lemma infsum_rcoset:
  fixes F :: "nat \<Rightarrow> real"
  assumes "group G" "subgroup L G" "c \<in> carrier G"
  shows "infsum F (L #>\<^bsub>G\<^esub> c) = (\<Sum>\<^sub>\<infinity>l\<in>L. F (l \<otimes>\<^bsub>G\<^esub> c))"
    and "F summable_on L #>\<^bsub>G\<^esub> c \<longleftrightarrow> (\<lambda>l. F (l \<otimes>\<^bsub>G\<^esub> c)) summable_on L"
proof -
  interpret group G by fact
  have L: "L \<subseteq> carrier G" using subgroup.subset[OF assms(2)] .
  have bij: "bij_betw (\<lambda>l. l \<otimes>\<^bsub>G\<^esub> c) L (L #>\<^bsub>G\<^esub> c)"
  proof (rule bij_betw_imageI)
    show "inj_on (\<lambda>l. l \<otimes>\<^bsub>G\<^esub> c) L"
      using L assms(3) right_cancel by (intro inj_onI) (meson subsetD)
    show "(\<lambda>l. l \<otimes>\<^bsub>G\<^esub> c) ` L = L #>\<^bsub>G\<^esub> c" unfolding r_coset_def by auto
  qed
  show "infsum F (L #>\<^bsub>G\<^esub> c) = (\<Sum>\<^sub>\<infinity>l\<in>L. F (l \<otimes>\<^bsub>G\<^esub> c))"
    using infsum_reindex_bij_betw[OF bij, of F] by simp
  show "F summable_on L #>\<^bsub>G\<^esub> c \<longleftrightarrow> (\<lambda>l. F (l \<otimes>\<^bsub>G\<^esub> c)) summable_on L"
    using summable_on_reindex_bij_betw[OF bij, of F] by simp
qed

lemma rcoset_displacement_ge:
  fixes f :: "nat \<Rightarrow> real"
  assumes G: "group G" "subgroup L G" "c \<in> carrier G" and ab: "a \<in> L" "b \<in> L"
    and \<alpha>: "0 \<le> \<alpha>" "\<alpha> \<le> Kreg G L {a, b}" and f: "(\<lambda>g. (f g)\<^sup>2) summable_on L #>\<^bsub>G\<^esub> c"
  shows "\<alpha>\<^sup>2 * (\<Sum>\<^sub>\<infinity>g\<in>L #>\<^bsub>G\<^esub> c. (f g)\<^sup>2)
           \<le> (\<Sum>\<^sub>\<infinity>g\<in>L #>\<^bsub>G\<^esub> c. (f (inv\<^bsub>G\<^esub> a \<otimes>\<^bsub>G\<^esub> g) - f g)\<^sup>2)
             + (\<Sum>\<^sub>\<infinity>g\<in>L #>\<^bsub>G\<^esub> c. (f (inv\<^bsub>G\<^esub> b \<otimes>\<^bsub>G\<^esub> g) - f g)\<^sup>2)"
proof -
  interpret group G by fact
  have L: "L \<subseteq> carrier G" using subgroup.subset[OF G(2)] .
  define u where "u l = (if l \<in> L then f (l \<otimes>\<^bsub>G\<^esub> c) else 0)" for l
  define D where "D s = (\<Sum>\<^sub>\<infinity>l\<in>L. (u (inv\<^bsub>G\<^esub> s \<otimes>\<^bsub>G\<^esub> l) - u l)\<^sup>2)" for s
  have norm: "(\<Sum>\<^sub>\<infinity>g\<in>L #>\<^bsub>G\<^esub> c. (f g)\<^sup>2) = (\<Sum>\<^sub>\<infinity>l\<in>L. (u l)\<^sup>2)"
    unfolding infsum_rcoset(1)[OF G] u_def by (intro infsum_cong) simp
  have "(\<lambda>l. (u l)\<^sup>2) summable_on L"
    using f unfolding infsum_rcoset(2)[OF G] u_def by (rule summable_on_cong[THEN iffD1, rotated]) simp
  then obtain s where s: "s \<in> {a, b}" "\<alpha>\<^sup>2 * (\<Sum>\<^sub>\<infinity>l\<in>L. (u l)\<^sup>2) \<le> D s"
    using ex_displacement_ge_Kreg[OF _ _ \<alpha>, of u] unfolding D_def u_def by auto
  have coset_sum: "(\<Sum>\<^sub>\<infinity>g\<in>L #>\<^bsub>G\<^esub> c. (f (inv\<^bsub>G\<^esub> s \<otimes>\<^bsub>G\<^esub> g) - f g)\<^sup>2) = D s"
    if "s \<in> L" for s
    unfolding infsum_rcoset(1)[OF G] D_def
  proof (intro infsum_cong)
    fix l assume l: "l \<in> L"
    have "inv\<^bsub>G\<^esub> s \<otimes>\<^bsub>G\<^esub> l \<in> L"
      using that l G(2) by (simp add: subgroup.m_closed subgroup.m_inv_closed)
    moreover have "inv\<^bsub>G\<^esub> s \<otimes>\<^bsub>G\<^esub> (l \<otimes>\<^bsub>G\<^esub> c) = (inv\<^bsub>G\<^esub> s \<otimes>\<^bsub>G\<^esub> l) \<otimes>\<^bsub>G\<^esub> c"
      using that l L G(3) by (simp add: m_assoc subsetD)
    ultimately show "(f (inv\<^bsub>G\<^esub> s \<otimes>\<^bsub>G\<^esub> (l \<otimes>\<^bsub>G\<^esub> c)) - f (l \<otimes>\<^bsub>G\<^esub> c))\<^sup>2
        = (u (inv\<^bsub>G\<^esub> s \<otimes>\<^bsub>G\<^esub> l) - u l)\<^sup>2"
      using l by (simp add: u_def)
  qed
  have "0 \<le> D s" for s unfolding D_def by (intro infsum_nonneg) auto
  then have "D s \<le> D a + D b" using s(1) by (auto simp: add_increasing add_increasing2)
  then show ?thesis using s(2) norm coset_sum ab by simp
qed

lemma regular_displacement_ge:
  fixes f :: "nat \<Rightarrow> real"
  assumes G: "group G" "subgroup L G" and ab: "a \<in> L" "b \<in> L"
    and \<alpha>: "0 \<le> \<alpha>" "\<alpha> \<le> Kreg G L {a, b}" and f: "(\<lambda>g. (f g)\<^sup>2) summable_on carrier G"
  shows "\<alpha>\<^sup>2 * (\<Sum>\<^sub>\<infinity>g\<in>carrier G. (f g)\<^sup>2)
           \<le> (\<Sum>\<^sub>\<infinity>g\<in>carrier G. (f (inv\<^bsub>G\<^esub> a \<otimes>\<^bsub>G\<^esub> g) - f g)\<^sup>2)
             + (\<Sum>\<^sub>\<infinity>g\<in>carrier G. (f (inv\<^bsub>G\<^esub> b \<otimes>\<^bsub>G\<^esub> g) - f g)\<^sup>2)"
proof -
  interpret group G by fact
  define Da where "Da g = (f (inv\<^bsub>G\<^esub> a \<otimes>\<^bsub>G\<^esub> g) - f g)\<^sup>2" for g
  define Db where "Db g = (f (inv\<^bsub>G\<^esub> b \<otimes>\<^bsub>G\<^esub> g) - f g)\<^sup>2" for g
  have "(\<lambda>g. (f (inv\<^bsub>G\<^esub> s \<otimes>\<^bsub>G\<^esub> g))\<^sup>2) summable_on carrier G" if "s \<in> L" for s
    using summable_on_reindex_bij_betw[OF bij_betw_left_mult, of G "inv\<^bsub>G\<^esub> s" "\<lambda>g. (f g)\<^sup>2"]
      f that subgroup.subset[OF G(2)] by auto
  then have sum_ab: "Da summable_on carrier G" "Db summable_on carrier G"
    unfolding Da_def Db_def using ab f by (auto intro: summable_on_square_diff)
  then have sum_sum: "(\<lambda>g. Da g + Db g) summable_on carrier G"
    by (intro summable_on_add)
  have cover: "\<Union>(rcosets\<^bsub>G\<^esub> L) = carrier G" and disj: "pairwise disjnt (rcosets\<^bsub>G\<^esub> L)"
    using rcosets_part_G[OF G(2)] rcos_disjoint[OF G(2)] by auto
  have "\<alpha>\<^sup>2 * (\<Sum>\<^sub>\<infinity>g\<in>carrier G. (f g)\<^sup>2) = (\<Sum>\<^sub>\<infinity>C\<in>rcosets\<^bsub>G\<^esub> L. \<alpha>\<^sup>2 * (\<Sum>\<^sub>\<infinity>g\<in>C. (f g)\<^sup>2))"
    unfolding infsum_partition(1)[OF f cover disj] by (rule infsum_cmult_right'[symmetric])
  also have "\<dots> \<le> (\<Sum>\<^sub>\<infinity>C\<in>rcosets\<^bsub>G\<^esub> L. \<Sum>\<^sub>\<infinity>g\<in>C. Da g + Db g)"
  proof (rule infsum_mono)
    show "(\<lambda>C. \<alpha>\<^sup>2 * (\<Sum>\<^sub>\<infinity>g\<in>C. (f g)\<^sup>2)) summable_on rcosets\<^bsub>G\<^esub> L"
      using infsum_partition(2)[OF f cover disj] by (rule summable_on_cmult_right)
    show "(\<lambda>C. \<Sum>\<^sub>\<infinity>g\<in>C. Da g + Db g) summable_on rcosets\<^bsub>G\<^esub> L"
      using infsum_partition(2)[OF sum_sum cover disj] .
    fix C assume C: "C \<in> rcosets\<^bsub>G\<^esub> L"
    then obtain c where c: "c \<in> carrier G" "C = L #>\<^bsub>G\<^esub> c" unfolding RCOSETS_def by auto
    have "C \<subseteq> carrier G" using C cover by blast
    then have "(\<lambda>g. (f g)\<^sup>2) summable_on C" "Da summable_on C" "Db summable_on C"
      using f sum_ab by (auto intro: summable_on_subset_banach)
    then have "(\<Sum>\<^sub>\<infinity>g\<in>C. Da g + Db g) = infsum Da C + infsum Db C"
      by (intro infsum_add)
    moreover have "\<alpha>\<^sup>2 * (\<Sum>\<^sub>\<infinity>g\<in>C. (f g)\<^sup>2) \<le> infsum Da C + infsum Db C"
      using rcoset_displacement_ge[OF G c(1) ab \<alpha>] \<open>(\<lambda>g. (f g)\<^sup>2) summable_on C\<close> c(2)
      unfolding Da_def Db_def by simp
    ultimately show "\<alpha>\<^sup>2 * (\<Sum>\<^sub>\<infinity>g\<in>C. (f g)\<^sup>2) \<le> (\<Sum>\<^sub>\<infinity>g\<in>C. Da g + Db g)"
      by simp
  qed
  also have "\<dots> = (\<Sum>\<^sub>\<infinity>g\<in>carrier G. Da g + Db g)"
    using infsum_partition(1)[OF sum_sum cover disj] by simp
  also have "\<dots> = infsum Da (carrier G) + infsum Db (carrier G)"
    using infsum_add[OF sum_ab] .
  finally show ?thesis unfolding Da_def Db_def .
qed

Your objective:
From the entries, count the lines that hold the string "obtain". Nothing but the number is needed.

Exercise answer:
2